This is a generous concept which appeals to generous souls. It is in tune with the present ecumenical mood, but I hear Dante turning over in his grave. It opens a whole can of theological worms, which St. Peter could use in his fishing for souls. It is in accord with Mrs. Stanford's dislike of narrow creeds. However, this should not be a reflection of the prevailing dislike of theological discussions, which are just swept under the rug. Each of the religious groups represented at Stanford has its own view of "salvation." I hope they and the new Dean will engage in a vigorous theological discussion, which would add greatly to Stanfordīs intellectual life.
Paul Rich of the Hoover Institution has provided some interesting historical background:
Both Senator Stanford and Mrs. Stanford went to a Universalist academy or secondary school in their youth and David Starr Jordan was a very active Unitarian. Indeed, he took his middle name from Thomas Starr King, the Unitarian minister whose preaching helped keep
California in the Union during the Civil War and is one of California's
two statues in the Capital rotunda. Many Unitarian clergy or writers are commemorated in the "Professorville" area of Palo Alto -- for example, William Ellery Channing, who was the minister of the Arlington Street Church in Boston...Ralph Waldo Emerson, who was minister of the Second Unitarian Church in Boston...William Cullen Bryant, an active layman.

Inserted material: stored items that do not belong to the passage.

text \<open>Kantorovich duality in its easy direction, for Lipschitz test functions.\<close>
lemma lipschitz_integral_diff_le_transport_cost:
  fixes G :: "'x::euclidean_space \<Rightarrow> real"
  assumes c: "c \<in> couplings \<mu> \<nu>"
    and \<mu>: "integrable \<mu> (\<lambda>x. (norm x)\<^sup>2)" and \<nu>: "integrable \<nu> (\<lambda>x. (norm x)\<^sup>2)"
    and U: "U \<in> sets borel" and \<mu>U: "AE x in \<mu>. x \<in> U" and \<nu>U: "AE x in \<nu>. x \<in> U"
    and lip: "K-lipschitz_on U G" and G: "G \<in> borel_measurable borel"
  shows "\<bar>integral\<^sup>L \<mu> G - integral\<^sup>L \<nu> G\<bar> \<le> K * sqrt (transport_cost c)"
proof -
  interpret prob_space c using couplings_D(1)[OF c] .
  have K: "0 \<le> K" using lip lipschitz_on_nonneg by blast
  note couplings_D(5,6)[OF c, measurable]
  have laws: "prob_space \<mu>" "sets \<mu> = sets borel" "prob_space \<nu>" "sets \<nu> = sets borel"
    unfolding couplings_D(3,4)[OF c, symmetric] by (auto intro!: prob_space_distr)
  have G1: "integrable c (\<lambda>z. G (fst z))" and G2: "integrable c (\<lambda>z. G (snd z))"
    using lipschitz_on_integrable[OF laws(1,2) \<mu> \<mu>U lip G] lipschitz_on_integrable[OF laws(3,4) \<nu> \<nu>U lip G]
    by (simp_all add: couplings_integral[OF c G])
  have d2: "integrable c (\<lambda>z. (dist (fst z) (snd z))\<^sup>2)"
    by (rule transport_cost_integrable[OF c \<mu> \<nu>])
  have d: "integrable c (\<lambda>z. dist (fst z) (snd z))"
    by (rule Bochner_Integration.integrable_bound[where f="\<lambda>z. 1 + (dist (fst z) (snd z))\<^sup>2"])
       (use d2 in \<open>auto simp: le_one_plus_square\<close>)
  have "\<bar>integral\<^sup>L \<mu> G - integral\<^sup>L \<nu> G\<bar> = \<bar>\<integral>z. G (fst z) - G (snd z) \<partial>c\<bar>"
    using G1 G2 by (simp add: couplings_integral[OF c G])
  also have "\<dots> \<le> (\<integral>z. K * dist (fst z) (snd z) \<partial>c)"
  proof (rule order_trans[OF integral_abs_bound integral_mono_AE])
    show "AE z in c. \<bar>G (fst z) - G (snd z)\<bar> \<le> K * dist (fst z) (snd z)"
      using \<mu>U \<nu>U unfolding couplings_AE[OF c U]
      by eventually_elim (simp add: lipschitz_onD[OF lip, unfolded dist_real_def])
  qed (use G1 G2 d in auto)
  also have "\<dots> \<le> K * sqrt (transport_cost c)"
  proof -
    have "(\<integral>z. dist (fst z) (snd z) \<partial>c)\<^sup>2 \<le> transport_cost c"
      unfolding transport_cost_def by (rule square_integral_le_integral_square[OF d d2])
    then show ?thesis using K by (simp add: real_le_rsqrt mult_left_mono)
  qed
  finally show ?thesis .
qed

Harris and Manchester College at Oxford was founded because the other Oxford University colleges required a Trinitarian oath to take the degree. Its faculty included Joseph Priestley, the discoverer of oxygen. Yale was started because of Harvard's Socinian or Unitarian sympathies. And both the Adams, Jefferson, Fillmore, and Taft are included among the Unitarian presidents."
To Paul's remarks I would add that Unitarians come in many varieties, some Christian, some non-Christian. Socianism refers to the doctrines of the Italian Laelius Socinus (1525-1562), who influenced the Unitarians. He acted as a messenger among Calvin and his friends. Harassed by the Inquisition, he died at the age of 37. His nephew Fausto founded the Socinian movement.
To understand the plight of Socinus and his nephew, simply recall Dante's Inferno, which represented the theology of the time. Over the entrance to Hell stood the inscription "Abandon all hope, ye who enter here." In other words you are damned eternally. This is surely not the God of Mercy of Christianity! No wonder Socinus was appalled by the idea.
I do not know what the official position of the Catholic Church under theologically conservative Pope John Paul II is toward Unitarians and Socinians, but the Catholic Church is one of the few religious groups unwilling to take part in the United Religions movement, promoted by Grace Episcopalian Cathedral of San Francisco.
In the United States, the Universalist Unitarians were at odds with the preachers who warned sinners of their fate in fire and brimstone, not much more attractive than Dante's Hell. It would be interesting to find out what the two groups said and wrote about each other.
The Universalist Unitarians introduce a dogma of salvation which is at odds with other churches, and seems to be on the edge of Christianity. In Palo Alto there is a Universalist Unitarian Church, which describes itself as "a Church that believes in the dignity and integrity of every human being and every religious journey." The San Mateo group also calls itself a Church, whereas those in Redwood City and Sunnyvale call themselves a Fellowship. All this is grist for Stanford's Department of Religious Studies.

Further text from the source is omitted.